Datavor v2.5 adds Change Data Capture, per-record fault tolerance, a Recipe Manager, Proactive Suggestions, and a dependency-aware DAG scheduler. The result is a pipeline that doesn't just run — it learns, adapts, and keeps itself healthy. Eleven new MCP tools bring the total to 45.
⚡ Change Data Capture — ~50ms from write to analytics
Traditional sync polls your database on a schedule. That means your analytics dashboard is always minutes or hours behind. CDC eliminates the gap by listening directly to the database's internal change log — the PostgreSQL WAL or MySQL binlog — and streaming every INSERT, UPDATE, and DELETE to your target the moment it happens.
Three new tools power this: start_cdc, stop_cdc, and cdc_status. Starting a stream is one sentence in Claude:
✅ CDC stream started on 3 tables
Replication slot: datavor_cdc_slot
Mode: PostgreSQL WAL (wal_level = logical)
Lag: ~50ms · Transforms: applying 2 saved rules
🛡️ Per-Record Fault Tolerance
Before v2.5, a single malformed row could halt an entire sync job. Now Datavor uses a bulk-first, row-fallback strategy: it attempts the full batch, and if any rows fail, it retries them individually — isolating and reporting each failure without stopping the rest.
Every failed row is reported individually with its error type. The sync doesn't stop — it skips what it can't handle, records why, and moves on. The Context Engine learns from recurring failures and can proactively suggest a fix rule next time.
📋 Recipe Manager — name it once, reuse forever
If you've run the same sync with the same transforms three times, Datavor v2.5 has probably already captured it. The Recipe Manager stores named transform configurations — column renames, type casts, value remaps, row filters — and lets you apply them by name across any sync job.
save_recipe
Save any transform config as a named recipe. Automatically captured from frequent patterns or saved explicitly.
list_recipes
Browse all saved recipes, filter by connection or table tag.

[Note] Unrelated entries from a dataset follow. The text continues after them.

text \<open>Under a bounded decomposition, a vector orthogonal to C has a small component in
  the closure of C + D: only its D-part is seen by elements of C + D.\<close>
lemma proj_closure_sum_bound:
  fixes C D :: "'a::{real_inner,complete_space} set"
  assumes C: "clsubspace C" and D: "clsubspace D" and M: "M \<ge> 0"
    and dec: "bounded_decomposition C D M" and y: "y \<in> orthcompl C"
    and S: "S = closure {c + d | c d. c \<in> C \<and> d \<in> D}"
  shows "norm (proj S y) \<le> M * norm (proj D y)"
proof -
  have cS: "clsubspace S"
    unfolding S clsubspace_def using subspace_closure[OF subspace_sums] C D
    by (auto simp: clsubspace_def)
  define w where "w = proj S y"
  have wS: "w \<in> closure {c + d | c d. c \<in> C \<and> d \<in> D}"
    using proj_in[OF cS] S by (simp add: w_def)
  define pd where "pd = norm (proj D y)"
  have pd0: "pd \<ge> 0" by (simp add: pd_def)
  have ww: "inner y w = norm w ^ 2"
  proof -
    have "inner (y - w) w = 0" using proj_orth[OF cS proj_in[OF cS]] by (simp add: w_def)
    thus ?thesis by (simp add: inner_diff_left power2_norm_eq_inner)
  qed
  have approx: "norm w ^ 2 \<le> M * pd * norm w + (2 * norm y + M * pd) * \<delta>" if dl: "\<delta> > 0" for \<delta>
  proof -
    obtain t where t: "t \<in> {c + d | c d. c \<in> C \<and> d \<in> D}" "dist t w < \<delta>"
      using wS dl unfolding closure_approachable by blast
    obtain c d where cd: "c \<in> C" "d \<in> D" "norm d \<le> M * norm t" "norm (t - c - d) \<le> \<delta>"
      using dec t(1) dl unfolding bounded_decomposition_def by blast
    have split: "inner y w = inner y (w - t) + inner y (t - c - d) + inner y c + inner y d"
      by (simp add: inner_diff_right)
    have yc: "inner y c = 0" using y cd(1) by (simp add: orthcompl_def)
    have yd: "inner y d = inner (proj D y) d"
      using proj_orth[OF D cd(2), of y] by (simp add: inner_diff_left)
    have b1: "inner y (w - t) \<le> norm y * \<delta>"
    proof -
      have "inner y (w - t) \<le> norm y * norm (w - t)" by (rule norm_cauchy_schwarz)
      also have "\<dots> \<le> norm y * \<delta>"
        using t(2) by (intro mult_left_mono) (auto simp: dist_norm norm_minus_commute)
      finally show ?thesis .
    qed
    have b2: "inner y (t - c - d) \<le> norm y * \<delta>"
    proof -
      have "inner y (t - c - d) \<le> norm y * norm (t - c - d)" by (rule norm_cauchy_schwarz)
      also have "\<dots> \<le> norm y * \<delta>" using cd(4) by (intro mult_left_mono) auto
      finally show ?thesis .
    qed
    have b3: "inner (proj D y) d \<le> M * pd * norm w + M * pd * \<delta>"
    proof -
      have nt: "norm t \<le> norm w + \<delta>"
        using t(2) norm_triangle_ineq2[of t w] by (simp add: dist_norm)
      have "inner (proj D y) d \<le> pd * norm d" unfolding pd_def by (rule norm_cauchy_schwarz)
      also have "\<dots> \<le> pd * (M * norm t)" using cd(3) pd0 by (intro mult_left_mono)
      also have "\<dots> \<le> pd * (M * (norm w + \<delta>))" using nt M pd0 by (intro mult_left_mono) auto
      finally show ?thesis by (simp add: algebra_simps)
    qed
    have "(2 * norm y + M * pd) * \<delta> = 2 * (norm y * \<delta>) + M * pd * \<delta>"
      by (simp add: algebra_simps)
    thus ?thesis using ww split yc yd b1 b2 b3 by linarith
  qed
  have "norm w ^ 2 \<le> M * pd * norm w"
  proof (rule field_le_epsilon)
    fix e :: real assume e: "e > 0"
    define L where "L = 2 * norm y + M * pd"
    have L0: "L \<ge> 0" using M pd0 by (simp add: L_def)
    have \<delta>: "e / (L + 1) > 0" using e L0 by simp
    have "L * (e / (L + 1)) \<le> (L + 1) * (e / (L + 1))"
      using \<delta> by (intro mult_right_mono) auto
    also have "\<dots> = e" using L0 by simp
    finally show "norm w ^ 2 \<le> M * pd * norm w + e"
      using approx[OF \<delta>] unfolding L_def by linarith
  qed
  hence "norm w \<le> M * pd"
    using M by (cases "norm w = 0") (auto simp: power2_eq_square mult_le_cancel_right pd_def)
  thus ?thesis unfolding w_def pd_def .
qed

lemma bounded_decomposition_orth_regular:
  fixes C D :: "'a::{real_inner,complete_space} set"
  assumes C: "clsubspace C" and D: "clsubspace D" and M: "M \<ge> 0"
    and dec: "bounded_decomposition C D M" and y: "y \<in> orthcompl C"
  shows "infdist y (orthcompl C \<inter> orthcompl D) \<le> M * infdist y (orthcompl D)"
proof -
  define S where "S = closure {c + d | c d. c \<in> C \<and> d \<in> D}"
  have cS: "clsubspace S"
    unfolding S_def clsubspace_def using subspace_closure[OF subspace_sums] C D
    by (auto simp: clsubspace_def)
  have sub: "{c + d | c d. c \<in> C \<and> d \<in> D} \<subseteq> S" unfolding S_def by (rule closure_subset)
  have "C \<subseteq> S"
  proof
    fix c assume "c \<in> C"
    hence "c + 0 \<in> {c + d | c d. c \<in> C \<and> d \<in> D}" using clsubspace_basic[OF D] by blast
    thus "c \<in> S" using sub by auto
  qed
  moreover have "D \<subseteq> S"
  proof
    fix d assume "d \<in> D"
    hence "0 + d \<in> {c + d | c d. c \<in> C \<and> d \<in> D}" using clsubspace_basic[OF C] by blast
    thus "d \<in> S" using sub by auto
  qed
  ultimately have "y - proj S y \<in> orthcompl C \<inter> orthcompl D"
    using proj_residual_orthcompl[OF cS] by (auto simp: orthcompl_def)
  hence "infdist y (orthcompl C \<inter> orthcompl D) \<le> norm (proj S y)"
    using infdist_le[of "y - proj S y" _ y] by (simp add: dist_norm)
  also have "\<dots> \<le> M * norm (proj D y)" by (rule proj_closure_sum_bound[OF C D M dec y S_def])
  finally show ?thesis using infdist_orthcompl[OF D] by simp
qed
theorem lemma6:
  fixes k :: nat
  assumes "k \<ge> 2"
  shows "\<exists>c::real > 0. \<exists>C::real. \<exists>b::real. \<forall>(H::int set) (h::real).
           finite H \<and> card H = k \<and> admissible H \<and> (\<forall>x\<in>H. \<bar>real_of_int x\<bar> \<le> h) \<longrightarrow>
             c \<le> beta H \<and> beta H \<le> C * ln (ln (10 * h)) \<and>
             sing_series H \<le> C * ln (ln (10 * h)) powr b"
proof -
  define C where "C = max (k * (8 * ln k + 4)) (exp (20 * real k) * (4 * ln k + 1) powr (12 * real k))"
  have "ln 2 / 2 \<le> beta H \<and> beta H \<le> C * ln (ln (10 * h))
      \<and> sing_series H \<le> C * ln (ln (10 * h)) powr (12 * real k)"
    if H: "finite H" "card H = k" "admissible H" "\<forall>x\<in>H. \<bar>real_of_int x\<bar> \<le> h" for H h
  proof -
    have "1 \<le> h"
      using H assms by (intro one_le_bound_if_two_le_card) auto
    then have "0 \<le> ln (ln (10 * h))"
      using two_le_ln_10_mult[of h] by simp
    then have "k * (8 * ln k + 4) * ln (ln (10 * h)) \<le> C * ln (ln (10 * h))"
      and "exp (20 * real k) * (4 * ln k + 1) powr (12 * real k) * ln (ln (10 * h)) powr (12 * real k)
        \<le> C * ln (ln (10 * h)) powr (12 * real k)"
      unfolding C_def by (intro mult_right_mono; simp)+
    then show ?thesis
      using beta_ge[of H] beta_le_ln_ln[of H h] sing_series_le_ln_ln[of H h] H assms by auto
  qed
  then show ?thesis
    by (intro exI[of _ "ln 2 / 2"] exI[of _ C] exI[of _ "12 * real k"] conjI allI impI) auto
qed

end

See when each was last applied.
apply_recipe
Apply a saved recipe to any sync job in one step. Eliminates repeat configuration for recurring pipelines.
Auto-capture
Recipes are detected and suggested automatically when Datavor spots the same transform pattern recurring across sessions.

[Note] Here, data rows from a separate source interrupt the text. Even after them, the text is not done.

(* Let $X$ be an infinite-dimensional separable (real or complex) Banach space and let $A$ be an operator in $X$ satisfying all hypotheses of Theorem 2.1: $A$ is densely defined, $A^r$ is closed for all $r\ge1$, and there are a dense set $X_0\subset\bigcap_n D(A^n)$ and $B:X_0\to X_0$ with $ABx=x$, and $\sum_{n\ge1}A^nx$, $\sum_{n\ge1}B^nx$ unconditionally convergent for all $x\in X_0$. Then for every $n\in\mathbb{N}$ the power $A^n$ is frequently hypercyclic.
   Context: A series $\sum_k x_k$ converges unconditionally if for every $\varepsilon>0$ there is $N$ with $\|\sum_{k\in F}x_k\|<\varepsilon$ for every finite $F\subset\mathbb{N}$ disjoint from $\{1,\dots,N\}$. An operator $T$ is frequently hypercyclic if there is $f\in D(T)$ with $T^mf\in D(T)$ for all $m\ge1$ such that for every non-empty open $U\subset X$ the set $\{m: T^mf\in U\}$ has positive lower density, where the lower density of $E\subset\mathbb{N}$ is $\liminf_{N}\#(E\cap\{1,\dots,N\})/N$. *)

theory Defs
  imports "HOL-Analysis.Analysis" "HOL-Library.Liminf_Limsup"
begin

text \<open>An (unbounded) operator in X is modelled by a domain D and a map A,
  only the values of A on D being relevant.\<close>

definition linear_operator_on :: "'a::real_vector set \<Rightarrow> ('a \<Rightarrow> 'a) \<Rightarrow> bool" where
  "linear_operator_on D A \<longleftrightarrow> subspace D \<and>
     (\<forall>x\<in>D. \<forall>y\<in>D. A (x + y) = A x + A y) \<and>
     (\<forall>c. \<forall>x\<in>D. A (c *\<^sub>R x) = c *\<^sub>R A x)"

definition dom_pow :: "'a set \<Rightarrow> ('a \<Rightarrow> 'a) \<Rightarrow> nat \<Rightarrow> 'a set" where
  "dom_pow D A n = {x. \<forall>k<n. (A ^^ k) x \<in> D}"

definition closed_operator :: "'a::topological_space set \<Rightarrow> ('a \<Rightarrow> 'a) \<Rightarrow> bool" where
  "closed_operator D T \<longleftrightarrow> closed {(x, T x) | x. x \<in> D}"

definition uncond_conv :: "(nat \<Rightarrow> 'a::real_normed_vector) \<Rightarrow> bool" where
  "uncond_conv x \<longleftrightarrow> (\<forall>\<epsilon>>0. \<exists>N. \<forall>F. finite F \<and> F \<subseteq> {1..} \<and> F \<inter> {1..N} = {}
        \<longrightarrow> norm (\<Sum>k\<in>F. x k) < \<epsilon>)"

💡 Proactive Suggestions — the pipeline that watches itself
The Context Engine now surfaces actionable suggestions based on everything it's learned: schema changes in your source, recurring sync errors, and performance patterns. You can accept or dismiss each one — and the engine learns from both responses.
New column detected: orders.discount_code
Your source added a new VARCHAR(64) column not present in the analytics replica. Apply a cast rule and add it to the sync?
Recurring NULL constraint failure on customers.phone
Seen 47 times this week. Add a COALESCE('') rule to prevent future failures?
products sync is 3× slower than last week
Row count grew from 80K to 240K. Consider switching from full sync to incremental on updated_at.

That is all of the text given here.